Significance and Innovation
- Reviewers considered the proposed research innovative and cutting edge, as the proposed studies have been made possible only with recent advances in the field.
- The proposal is also highly significant. If the goals of the research are realized, it would represent a major step forward in enabling transplantation without toxic immunosuppressive drugs and would be an important step toward the development of a transplantable thymus. The project may benefit transplantation of many different cell types and therapies for a variety of diseases.
Feasibility and Experimental Design
- The experimental design is well constructed and presented. Given the expertise and experience of the research team, the proposed studies are feasible. Experiments for each aim were well presented and designed to meet the objective of the proposal.
- Reviewers differed in their opinions regarding the strength of the preliminary data.
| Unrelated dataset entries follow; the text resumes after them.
theorem lemma4p3:
  fixes n r q0 :: nat
    and K0 :: "('a::{field,finite}) set"
  assumes "card (UNIV::'a set) = 3 ^ (2 * n + 1)"
    and "card (UNIV::'a set) = q0 ^ r"
    and "prime r" and "odd r" and "r \<noteq> 3"
    and "is_subfield K0" and "card K0 = q0"
  shows "\<forall>(K1::'a set) k. is_subfield K1 \<and> card K1 ^ k = card (UNIV::'a set) \<longrightarrow>
           (\<exists>lam\<in>K0. rel_trace (card K1) k lam \<in> K1 \<and> rel_trace (card K1) k lam \<noteq> 0) \<and>
           (\<exists>lam1\<in>K0. rel_trace (card K1) k lam1 = 1)"
proof (intro allI impI)
  fix K1 :: "'a set" and k :: nat
  assume K1: "is_subfield K1 \<and> card K1 ^ k = card (UNIV::'a set)"
  define m where "m = 2 * n + 1"
  have card_UNIV: "card (UNIV::'a set) = 3 ^ m" and "m > 0" using assms(1) by (simp_all add: m_def)
  have "prime (3::nat)" by simp
  then have char: "CHAR('a) = 3" using CHAR_eq_if_card_prime_power card_UNIV by blast
  have "q0 ^ r = 3 ^ m" using assms(2) card_UNIV by simp
  then obtain s where s: "q0 = 3 ^ s" "s * r = m"
    using power_eq_prime_powerE[OF \<open>prime 3\<close> _ \<open>m > 0\<close>] by blast
  have "card K1 ^ k = 3 ^ m" using K1 card_UNIV by simp
  then obtain d where d: "card K1 = 3 ^ d" "d * k = m"
    using power_eq_prime_powerE[OF \<open>prime 3\<close> _ \<open>m > 0\<close>] by blast
  have "\<not> 3 dvd r" using assms(3,5) \<open>prime 3\<close> primes_dvd_imp_eq by blast
  have "card K0 = 3 ^ s" "s > 0" "k * d = r * s"
    using assms(7) s d \<open>m > 0\<close> by (auto simp: mult.commute)
  then have "\<exists>x\<in>K0. rel_trace (3 ^ d) k x \<noteq> 0"
    using ex_rel_trace_nonzero[OF \<open>prime 3\<close> char assms(6)] \<open>\<not> 3 dvd r\<close> by blast
  then obtain x where x: "x \<in> K0" "rel_trace (card K1) k x \<noteq> 0"
    unfolding d(1) by blast
  have "rel_trace (card K1) k x \<in> K1"
    using rel_trace_in_base_subfield[of K1 d] K1 char d(1) by simp
  then show "(\<exists>lam\<in>K0. rel_trace (card K1) k lam \<in> K1 \<and> rel_trace (card K1) k lam \<noteq> 0) \<and>
      (\<exists>lam1\<in>K0. rel_trace (card K1) k lam1 = 1)"
    using ex_rel_trace_eq_1[OF assms(6) _ finite] K1 x by blast
qed

end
Some viewed the preliminary data as strong and in support the hypothesis and research plan, whereas some were not convinced that the data were sufficient to suggest a high probability that the project would be successful. In particular, the complete functionality of the derived thymic cells in generating sufficient numbers of immune cells was questioned. For example, expression of some genes critical for tolerance generation was not demonstrated. Additionally, there was some concern regarding the feasibility of generating the cell lines needed for the project.
- There was also concern regarding whether the experimental models proposed were adequate and clinically relevant for the overall goal of the work. Some of the reviewers expressed reservations that the differentiation protocol needed further optimization.
- Although the PI acknowledged some of the potential pitfalls, the alternatives proposed were not always satisfactory and not all potential pitfalls were acknowledged by the PI.
Principal Investigator (PI) and Research Team
- The PI is an outstanding and respected scientist with expertise in immune tolerance and in understanding the immunological processes in Type 1 diabetes.
- The co-investigator is an outstanding developmental biologist, with whom the PI previously collaborated. Their collaboration has been productive and successful. Both are productive, innovative scientists with the expertise to conduct the project.
- To some the budget requested appeared high for the research proposed.
Responsiveness to the RFA
- This proposal is considered to be very responsive to the RFA. It proposes to utilize human stem cell-derived thymic cells and pancreatic progenitors to test a question of significance for the use of stem cells in treating disease—how to induce tolerance to, and avoid rejection of, transplanted stem cell-derived tissue.